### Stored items
text \<open>Differentiating \<open>z powr s\<close> produces \<open>s * z powr (s - 1)\<close>; substituting \<open>s + 1\<close> for \<open>s\<close>
  moves the line of integration to \<open>Re s = c - 1\<close>.  The quadratic decay of \<open>\<phi>\<close> pays for the
  factor \<open>s\<close> in the dominated convergence argument.\<close>

lemma has_real_derivative_mellin_barnes:
  assumes cont: "continuous_on UNIV (\<lambda>t. \<phi> (Complex c t))"
    and bound: "\<And>t. norm (\<phi> (Complex c t)) \<le> B / (1 + t\<^sup>2)\<^sup>2"
    and "0 < z"
  shows "(mellin_barnes \<phi> c has_real_derivative
            mellin_barnes (\<lambda>s. (s + 1) * \<phi> (s + 1)) (c - 1) z) (at z)"
proof -
  define S where "S = {z/2<..<2*z}"
  define f where "f = (\<lambda>y t. \<phi> (Complex c t) * of_real y powr Complex c t)"
  define f' where "f' = (\<lambda>y t. \<phi> (Complex c t) * (Complex c t * of_real y powr (Complex c t - 1)))"
  have S: "open S" "convex S" "z \<in> S" and S_pos: "\<And>y. y \<in> S \<Longrightarrow> 0 < y"
    using \<open>0 < z\<close> by (auto simp: S_def)
  have deriv: "((\<lambda>y. f y t) has_vector_derivative f' y t) (at y)" if "y \<in> S" for y t
  proof -
    have "complex_of_real y \<notin> \<real>\<^sub>\<le>\<^sub>0"
      using S_pos[OF that] by (auto simp: nonpos_Reals_def)
    then show ?thesis
      unfolding f_def f'_def
      by (intro has_vector_derivative_mult_right has_vector_derivative_real_field
          has_field_derivative_powr)
  qed
  have "((\<lambda>y. LINT t|lborel. f y t) has_vector_derivative (LINT t|lborel. f' z t)) (at z)"
  proof (rule has_vector_derivative_integral[OF S _ _ deriv,
        where h = "\<lambda>t. (\<bar>c\<bar> + 1) * ((z/2) powr (c - 1) + (2*z) powr (c - 1)) * B * inverse (1 + t\<^sup>2)"])
    show "integrable lborel (f y)" if "y \<in> S" for y
      unfolding f_def using S_pos[OF that] by (rule integrable_mellin_barnes_integrand[OF cont bound])
    have "continuous_on UNIV (f' z)"
      unfolding f'_def using \<open>0 < z\<close>
      by (intro continuous_on_mult cont continuous_on_Complex continuous_on_of_real_powr_Complex)
    then show "f' z \<in> borel_measurable lborel"
      by (simp add: borel_measurable_continuous_onI)
    show "norm (f' y t) \<le> (\<bar>c\<bar> + 1) * ((z/2) powr (c - 1) + (2*z) powr (c - 1)) * B * inverse (1 + t\<^sup>2)"
      if "y \<in> S" for y t
      unfolding f'_def using that \<open>0 < z\<close>
      by (intro norm_mellin_barnes_derivative_integrand_le[where \<phi> = \<phi>, OF bound]) (auto simp: S_def)
  qed (assumption | rule integrable_inverse_1_plus_square_lborel)+
  then have "(mellin_barnes \<phi> c has_real_derivative Re (LINT t|lborel. f' z t) / (2 * pi)) (at z)"
    unfolding mellin_barnes_def f_def by (intro DERIV_cdivide has_field_derivative_Re)
  moreover have "f' z t = (Complex (c - 1) t + 1) * \<phi> (Complex (c - 1) t + 1) *
      of_real z powr Complex (c - 1) t" for t
  proof -
    have "Complex (c - 1) t + 1 = Complex c t" "Complex c t - 1 = Complex (c - 1) t"
      by (simp_all add: complex_eq_iff)
    then show ?thesis
      by (simp add: f'_def mult_ac)
  qed
  ultimately show ?thesis
    by (simp add: mellin_barnes_def)
qed

section \<open>The Gamma function on vertical lines\<close>

lemma not_nonpos_Int_if_Re_pos: "0 < Re z \<Longrightarrow> z \<notin> \<int>\<^sub>\<le>\<^sub>0"
  by (auto elim!: nonpos_Ints_cases)

lemma Gamma_mult_rGamma: "z \<notin> \<int>\<^sub>\<le>\<^sub>0 \<Longrightarrow> Gamma z * rGamma z = 1"
  by (simp add: rGamma_inverse_Gamma Gamma_nonzero)

lemma norm_Gamma_le_Gamma_Re:
  fixes z :: complex
  assumes "0 < Re z"
  shows "norm (Gamma z) \<le> Gamma (Re z)"
proof -
  have "norm (Gamma_series z n) \<le> Gamma_series (Re z) n" for n
  proof -
    have le: "pochhammer (Re z) (n + 1) \<le> norm (pochhammer z (n + 1))"
      unfolding pochhammer_prod prod_norm[symmetric]
    proof (rule prod_mono)
      fix i assume "i \<in> {0..<n + 1}"
      show "0 \<le> Re z + of_nat i \<and> Re z + of_nat i \<le> norm (z + of_nat i)"
        using assms complex_Re_le_cmod[of "z + of_nat i"] by simp
    qed
    have pos: "0 < pochhammer (Re z) (n + 1)"
      using assms by (intro pochhammer_pos)
    have "norm (Gamma_series z n) =
        fact n * exp (Re z * ln (of_nat n)) / norm (pochhammer z (n + 1))"
      unfolding Gamma_series_def norm_divide norm_mult by (simp add: norm_exp_eq_Re norm_fact)
    also have "\<dots> \<le> fact n * exp (Re z * ln (of_nat n)) / pochhammer (Re z) (n + 1)"
      using pos le by (intro divide_left_mono mult_pos_pos) auto
    also have "\<dots> = Gamma_series (Re z) n"
      by (simp add: Gamma_series_def)
    finally show ?thesis .
  qed
  then show ?thesis
    by (intro LIMSEQ_le[OF tendsto_norm[OF Gamma_series_LIMSEQ] Gamma_series_LIMSEQ]) auto
qed

lemma norm_Gamma_mult_power_le:
  fixes z :: complex
  assumes "0 < Re z"
  shows "norm (Gamma z) * norm z ^ N \<le> Gamma (Re z + of_nat N)"
proof -
  have "norm z ^ N \<le> (\<Prod>i<N. norm (z + of_nat i))"
  proof -
    have "norm z \<le> norm (z + of_nat i)" for i
    proof -
      have "(Re z)\<^sup>2 \<le> (Re z + of_nat i)\<^sup>2"
        using assms by (intro power_mono) auto
      then have "norm z ^ 2 \<le> norm (z + of_nat i) ^ 2"
        by (simp add: cmod_power2)
      then show ?thesis
        by (rule power2_le_imp_le) simp
    qed
    then show ?thesis
      using prod_mono[of "{..<N}" "\<lambda>_. norm z" "\<lambda>i. norm (z + of_nat i)"] by simp
  qed
  also have "\<dots> = norm (pochhammer z N)"
    by (simp add: pochhammer_prod prod_norm atLeast0LessThan)
  finally have "norm (Gamma z) * norm z ^ N \<le> norm (Gamma z * pochhammer z N)"
    by (simp add: norm_mult mult_left_mono)
  also have "Gamma z * pochhammer z N = Gamma (z + of_nat N)"
    using pochhammer_Gamma[OF not_nonpos_Int_if_Re_pos[OF assms], of N]
      Gamma_nonzero[OF not_nonpos_Int_if_Re_pos[OF assms]]
    by simp
  also have "norm (Gamma (z + of_nat N)) \<le> Gamma (Re z + of_nat N)"
    using assms by (intro order_trans[OF norm_Gamma_le_Gamma_Re]) auto
  finally show ?thesis .
qed

lemma norm_Gamma_le_decay:
  fixes z :: complex
  assumes "0 < Re z"
  shows "norm (Gamma z) \<le> Gamma (Re z + 4) / (min ((Re z)\<^sup>2) 1)\<^sup>2 / (1 + (Im z)\<^sup>2)\<^sup>2"
proof -
  define q where "q = min ((Re z)\<^sup>2) 1 * (1 + (Im z)\<^sup>2)"
  have "0 < q"
    using assms by (simp add: q_def one_plus_square_pos)
  have "q \<le> (Re z)\<^sup>2 + min ((Re z)\<^sup>2) 1 * (Im z)\<^sup>2"
    by (simp add: q_def algebra_simps)
  also have "\<dots> \<le> norm z ^ 2"
    using mult_right_mono[of "min ((Re z)\<^sup>2) 1" 1 "(Im z)\<^sup>2"] by (simp add: cmod_power2)
  finally have "q\<^sup>2 \<le> norm z ^ 4"
    using power_mono[of q "norm z ^ 2" 2] \<open>0 < q\<close> by (simp add: power_mult[symmetric])
  then have "norm (Gamma z) * q\<^sup>2 \<le> norm (Gamma z) * norm z ^ 4"
    by (intro mult_left_mono) auto
  also have "\<dots> \<le> Gamma (Re z + 4)"
    using norm_Gamma_mult_power_le[OF assms, of 4] by simp
  finally have "norm (Gamma z) \<le> Gamma (Re z + 4) / q\<^sup>2"
    using \<open>0 < q\<close> by (simp add: pos_le_divide_eq)
  then show ?thesis
    by (simp add: q_def power_mult_distrib divide_divide_eq_left)
qed

lemma continuous_on_Gamma_pair_line:
  assumes "c < k" "c < m"
  shows "continuous_on UNIV (\<lambda>t. Gamma (of_real k - Complex c t) * Gamma (of_real m - Complex c t))"
proof (rule continuous_at_imp_continuous_on, intro ballI)
  fix t
  have "isCont (Complex c) t"
    using continuous_on_Complex[of c] by (simp add: continuous_on_eq_continuous_at)
  moreover have "of_real k - Complex c t \<notin> \<int>\<^sub>\<le>\<^sub>0" "of_real m - Complex c t \<notin> \<int>\<^sub>\<le>\<^sub>0"
    using assms by (simp_all add: not_nonpos_Int_if_Re_pos)
  ultimately show "isCont (\<lambda>t. Gamma (of_real k - Complex c t) * Gamma (of_real m - Complex c t)) t"
    by (intro continuous_intros) auto
qed

lemma norm_Gamma_pair_line_le:
  assumes "c < k" "c < m"
  shows "norm (Gamma (of_real k - Complex c t) * Gamma (of_real m - Complex c t))
    \<le> Gamma (k - c) * Gamma (m - c + 4) / (min ((m - c)\<^sup>2) 1)\<^sup>2 / (1 + t\<^sup>2)\<^sup>2"
proof -
  have "norm (Gamma (of_real k - Complex c t)) \<le> Gamma (k - c)"
    using norm_Gamma_le_Gamma_Re[of "of_real k - Complex c t"] assms by simp
  moreover have "norm (Gamma (of_real m - Complex c t))
      \<le> Gamma (m - c + 4) / (min ((m - c)\<^sup>2) 1)\<^sup>2 / (1 + t\<^sup>2)\<^sup>2"
    using norm_Gamma_le_decay[of "of_real m - Complex c t"] assms by simp
  ultimately have "norm (Gamma (of_real k - Complex c t)) * norm (Gamma (of_real m - Complex c t))
      \<le> Gamma (k - c) * (Gamma (m - c + 4) / (min ((m - c)\<^sup>2) 1)\<^sup>2 / (1 + t\<^sup>2)\<^sup>2)"
    using assms by (intro mult_mono) (auto intro: less_imp_le)
  then show ?thesis
    by (simp add: norm_mult)
qed

section \<open>The second derivative of the generalized-K CDF\<close>

lemma meijer_integrand_2_1_one:
  assumes "0 < Re s"
  shows "meijer_integrand 2 1 [1] [k, m, 0] 1 s = Gamma (of_real k - s) * Gamma (of_real m - s) / s"
proof -
  have "s \<noteq> 0"
    using assms by auto
  then have "rGamma (s + 1) = rGamma s / s"
    using rGamma_plus1[of s] by (simp add: eq_divide_eq mult.commute)
  then have "Gamma s * rGamma (s + 1) = 1 / s"
    using Gamma_mult_rGamma[OF not_nonpos_Int_if_Re_pos[OF assms]] by simp
  then show ?thesis
    by (simp add: meijer_integrand_def lessThan_Suc numeral_2_eq_2 numeral_3_eq_3
        atLeastLessThanSuc add.commute mult.assoc)
qed

lemma meijer_integrand_2_2_one:
  assumes "0 < Re s"
  shows "meijer_integrand 2 2 [0, 1] [k, m, 0, 2] 1 s =
    (s - 1) * Gamma (of_real k - s) * Gamma (of_real m - s)"
proof -
  have "rGamma (s - 1) = (s - 1) * rGamma s"
    using rGamma_plus1[of "s - 1"] by simp
  then have "Gamma s * rGamma (s - 1) = (s - 1) * (Gamma s * rGamma s)"
    by (simp add: mult_ac)
  then have "Gamma s * rGamma (s - 1) = s - 1"
    using Gamma_mult_rGamma[OF not_nonpos_Int_if_Re_pos[OF assms]] by simp
  moreover have "Gamma (s + 1) * rGamma (s + 1) = 1"
    using assms by (intro Gamma_mult_rGamma not_nonpos_Int_if_Re_pos) simp
  moreover have "meijer_integrand 2 2 [0, 1] [k, m, 0, 2] 1 s =
      Gamma (of_real k - s) * Gamma (of_real m - s) *
      ((Gamma s * rGamma (s - 1)) * (Gamma (s + 1) * rGamma (s + 1)))"
    by (simp add: meijer_integrand_def lessThan_Suc numeral_2_eq_2 numeral_3_eq_3
        eval_nat_numeral atLeastLessThanSuc add.commute mult_ac)
  ultimately show ?thesis
    by (simp add: mult_ac)
qed

lemma meijer_contour_2_1: "meijer_contour 2 1 [1] [k, m, 0] = min k m / 2"
  by (simp add: meijer_contour_def lessThan_Suc numeral_2_eq_2 min_def)

lemma meijer_contour_2_2: "meijer_contour 2 2 [0, 1] [k, m, 0, 2] = min k m / 2"
  by (simp add: meijer_contour_def lessThan_Suc numeral_2_eq_2 min_def max_def)

lemma meijerG_2_1_eq_mellin_barnes:
  assumes "0 < k" "0 < m"
  shows "meijerG 2 1 [1] [k, m, 0] =
    mellin_barnes (\<lambda>s. Gamma (of_real k - s) * Gamma (of_real m - s) / s) (min k m / 2)"
  unfolding meijerG_eq_mellin_barnes meijer_contour_2_1
  using assms meijer_integrand_2_1_one[of "Complex (min k m / 2) _" k m]
  by (intro mellin_barnes_cong) simp

lemma meijerG_2_2_eq_mellin_barnes:
  assumes "0 < k" "0 < m"
  shows "meijerG 2 2 [0, 1] [k, m, 0, 2] =
    mellin_barnes (\<lambda>s. (s - 1) * (Gamma (of_real k - s) * Gamma (of_real m - s))) (min k m / 2)"
  unfolding meijerG_eq_mellin_barnes meijer_contour_2_2
  using assms meijer_integrand_2_2_one[of "Complex (min k m / 2) _" k m]
  by (intro mellin_barnes_cong) (simp add: mult.assoc)

lemma norm_divide_Complex_le:
  assumes "0 < c"
  shows "norm (w / Complex c t) \<le> norm w / c"
proof -
  have "c \<le> norm (Complex c t)"
    using complex_Re_le_cmod[of "Complex c t"] by simp
  then show ?thesis
    unfolding norm_divide using assms by (intro divide_left_mono mult_pos_pos) auto
qed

### Exercise
Each line from the one containing "mellin_barnes (\<lambda>s. Gamma" to the final line of the entries above must be returned exactly, and no other line may appear.

### Written solution
    mellin_barnes (\<lambda>s. Gamma (of_real k - s) * Gamma (of_real m - s) / s) (min k m / 2)"
  unfolding meijerG_eq_mellin_barnes meijer_contour_2_1
  using assms meijer_integrand_2_1_one[of "Complex (min k m / 2) _" k m]
  by (intro mellin_barnes_cong) simp

lemma meijerG_2_2_eq_mellin_barnes:
  assumes "0 < k" "0 < m"
  shows "meijerG 2 2 [0, 1] [k, m, 0, 2] =
    mellin_barnes (\<lambda>s. (s - 1) * (Gamma (of_real k - s) * Gamma (of_real m - s))) (min k m / 2)"
  unfolding meijerG_eq_mellin_barnes meijer_contour_2_2
  using assms meijer_integrand_2_2_one[of "Complex (min k m / 2) _" k m]
  by (intro mellin_barnes_cong) (simp add: mult.assoc)

lemma norm_divide_Complex_le:
  assumes "0 < c"
  shows "norm (w / Complex c t) \<le> norm w / c"
proof -
  have "c \<le> norm (Complex c t)"
    using complex_Re_le_cmod[of "Complex c t"] by simp
  then show ?thesis
    unfolding norm_divide using assms by (intro divide_left_mono mult_pos_pos) auto
qed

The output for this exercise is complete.